What is expected:
Read through the lines below and copy the ones holding the string "every".

[Stored data]
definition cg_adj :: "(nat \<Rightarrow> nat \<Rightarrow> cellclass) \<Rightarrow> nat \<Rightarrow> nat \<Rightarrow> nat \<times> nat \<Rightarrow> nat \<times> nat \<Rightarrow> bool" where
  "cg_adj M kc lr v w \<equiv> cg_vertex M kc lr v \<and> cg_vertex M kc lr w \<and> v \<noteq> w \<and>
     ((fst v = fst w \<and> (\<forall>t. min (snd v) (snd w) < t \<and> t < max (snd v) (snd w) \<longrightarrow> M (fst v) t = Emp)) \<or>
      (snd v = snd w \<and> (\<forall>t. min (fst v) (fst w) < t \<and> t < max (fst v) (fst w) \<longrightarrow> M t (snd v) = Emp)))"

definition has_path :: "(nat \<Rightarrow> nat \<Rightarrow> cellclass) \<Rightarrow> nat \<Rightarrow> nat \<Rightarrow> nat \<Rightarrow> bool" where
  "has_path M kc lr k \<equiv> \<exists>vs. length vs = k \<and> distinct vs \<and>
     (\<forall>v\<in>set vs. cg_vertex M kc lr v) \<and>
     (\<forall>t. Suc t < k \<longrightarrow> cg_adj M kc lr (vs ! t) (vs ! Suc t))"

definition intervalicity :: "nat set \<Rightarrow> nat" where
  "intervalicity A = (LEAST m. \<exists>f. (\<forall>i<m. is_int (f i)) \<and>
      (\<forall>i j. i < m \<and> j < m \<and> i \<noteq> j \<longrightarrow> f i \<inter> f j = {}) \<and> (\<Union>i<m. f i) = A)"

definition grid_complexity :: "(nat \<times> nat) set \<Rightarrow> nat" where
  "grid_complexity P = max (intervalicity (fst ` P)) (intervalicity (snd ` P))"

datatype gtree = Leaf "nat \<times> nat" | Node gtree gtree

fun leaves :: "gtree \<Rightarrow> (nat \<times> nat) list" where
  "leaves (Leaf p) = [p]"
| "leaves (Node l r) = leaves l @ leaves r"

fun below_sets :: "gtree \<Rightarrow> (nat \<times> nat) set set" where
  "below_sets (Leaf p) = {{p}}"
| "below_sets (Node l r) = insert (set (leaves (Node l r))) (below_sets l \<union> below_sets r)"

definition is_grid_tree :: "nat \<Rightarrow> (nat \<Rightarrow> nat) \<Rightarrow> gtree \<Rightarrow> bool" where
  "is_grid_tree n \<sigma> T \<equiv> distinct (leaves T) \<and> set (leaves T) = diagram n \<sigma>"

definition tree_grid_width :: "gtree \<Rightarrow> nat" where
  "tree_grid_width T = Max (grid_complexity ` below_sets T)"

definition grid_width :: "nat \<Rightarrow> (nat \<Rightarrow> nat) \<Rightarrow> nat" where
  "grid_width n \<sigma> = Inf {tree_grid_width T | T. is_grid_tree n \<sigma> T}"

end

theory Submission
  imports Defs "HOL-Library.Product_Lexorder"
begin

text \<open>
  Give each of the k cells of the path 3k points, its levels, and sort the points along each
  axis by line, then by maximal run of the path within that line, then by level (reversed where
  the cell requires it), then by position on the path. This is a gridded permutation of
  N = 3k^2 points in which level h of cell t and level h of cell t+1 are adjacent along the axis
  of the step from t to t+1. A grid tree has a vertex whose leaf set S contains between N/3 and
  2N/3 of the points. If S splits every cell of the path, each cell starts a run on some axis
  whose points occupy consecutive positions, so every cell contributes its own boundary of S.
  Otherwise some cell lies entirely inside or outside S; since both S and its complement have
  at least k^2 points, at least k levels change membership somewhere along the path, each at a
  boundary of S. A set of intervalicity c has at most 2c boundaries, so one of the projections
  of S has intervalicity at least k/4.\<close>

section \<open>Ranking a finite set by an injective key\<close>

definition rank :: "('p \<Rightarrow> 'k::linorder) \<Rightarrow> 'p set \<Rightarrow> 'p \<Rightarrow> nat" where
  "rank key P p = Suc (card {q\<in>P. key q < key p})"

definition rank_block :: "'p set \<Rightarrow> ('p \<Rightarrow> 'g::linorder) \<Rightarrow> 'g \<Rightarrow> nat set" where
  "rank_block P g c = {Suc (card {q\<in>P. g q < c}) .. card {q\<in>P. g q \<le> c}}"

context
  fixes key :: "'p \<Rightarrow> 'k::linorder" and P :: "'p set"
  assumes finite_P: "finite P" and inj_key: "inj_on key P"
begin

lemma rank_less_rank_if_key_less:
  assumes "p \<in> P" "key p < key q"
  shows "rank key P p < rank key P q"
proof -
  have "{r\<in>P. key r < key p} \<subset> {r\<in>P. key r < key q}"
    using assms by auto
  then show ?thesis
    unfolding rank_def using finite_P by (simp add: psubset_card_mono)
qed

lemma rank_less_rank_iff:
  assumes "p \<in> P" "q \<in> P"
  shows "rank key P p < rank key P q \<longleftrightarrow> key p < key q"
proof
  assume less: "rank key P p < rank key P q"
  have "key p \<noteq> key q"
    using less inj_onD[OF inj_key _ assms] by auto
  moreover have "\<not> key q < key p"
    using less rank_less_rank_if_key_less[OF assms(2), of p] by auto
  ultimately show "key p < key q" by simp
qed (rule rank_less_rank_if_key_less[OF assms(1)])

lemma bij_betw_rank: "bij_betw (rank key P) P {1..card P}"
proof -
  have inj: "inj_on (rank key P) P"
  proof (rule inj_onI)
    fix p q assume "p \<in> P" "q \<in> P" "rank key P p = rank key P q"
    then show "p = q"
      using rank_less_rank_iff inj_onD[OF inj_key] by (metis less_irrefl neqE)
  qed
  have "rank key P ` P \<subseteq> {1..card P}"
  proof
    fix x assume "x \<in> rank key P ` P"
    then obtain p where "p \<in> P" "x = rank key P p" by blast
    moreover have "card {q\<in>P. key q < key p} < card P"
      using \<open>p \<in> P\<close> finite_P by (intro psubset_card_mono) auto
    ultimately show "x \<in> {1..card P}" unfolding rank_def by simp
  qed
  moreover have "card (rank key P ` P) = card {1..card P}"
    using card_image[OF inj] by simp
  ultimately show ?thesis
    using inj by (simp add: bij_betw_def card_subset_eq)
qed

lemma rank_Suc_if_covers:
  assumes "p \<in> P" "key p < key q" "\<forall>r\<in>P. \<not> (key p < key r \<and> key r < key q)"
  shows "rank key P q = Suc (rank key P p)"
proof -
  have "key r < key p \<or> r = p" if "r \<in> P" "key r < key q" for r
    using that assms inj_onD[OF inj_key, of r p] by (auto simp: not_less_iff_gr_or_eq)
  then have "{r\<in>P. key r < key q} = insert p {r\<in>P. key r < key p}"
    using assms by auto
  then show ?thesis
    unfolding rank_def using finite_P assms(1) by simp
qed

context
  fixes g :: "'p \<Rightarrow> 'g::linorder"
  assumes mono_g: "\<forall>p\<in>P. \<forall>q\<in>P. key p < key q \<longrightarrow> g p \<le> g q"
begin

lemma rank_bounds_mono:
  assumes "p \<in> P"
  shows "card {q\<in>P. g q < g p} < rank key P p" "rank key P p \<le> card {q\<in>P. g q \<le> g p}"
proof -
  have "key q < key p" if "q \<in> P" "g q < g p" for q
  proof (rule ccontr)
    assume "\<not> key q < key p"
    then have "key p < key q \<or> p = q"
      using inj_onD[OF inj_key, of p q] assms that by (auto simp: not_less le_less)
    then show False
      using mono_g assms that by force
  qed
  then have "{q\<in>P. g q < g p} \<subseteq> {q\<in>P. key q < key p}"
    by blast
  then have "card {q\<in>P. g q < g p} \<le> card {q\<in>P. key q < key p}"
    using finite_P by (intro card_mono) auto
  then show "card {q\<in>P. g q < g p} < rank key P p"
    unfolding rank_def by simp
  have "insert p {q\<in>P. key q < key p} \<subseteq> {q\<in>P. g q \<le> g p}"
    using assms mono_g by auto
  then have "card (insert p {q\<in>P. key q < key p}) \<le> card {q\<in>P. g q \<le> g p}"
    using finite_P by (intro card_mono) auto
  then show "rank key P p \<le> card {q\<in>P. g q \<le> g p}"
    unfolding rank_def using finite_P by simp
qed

Exercise result:
  2N/3 of the points. If S splits every cell of the path, each cell starts a run on some axis
  whose points occupy consecutive positions, so every cell contributes its own boundary of S.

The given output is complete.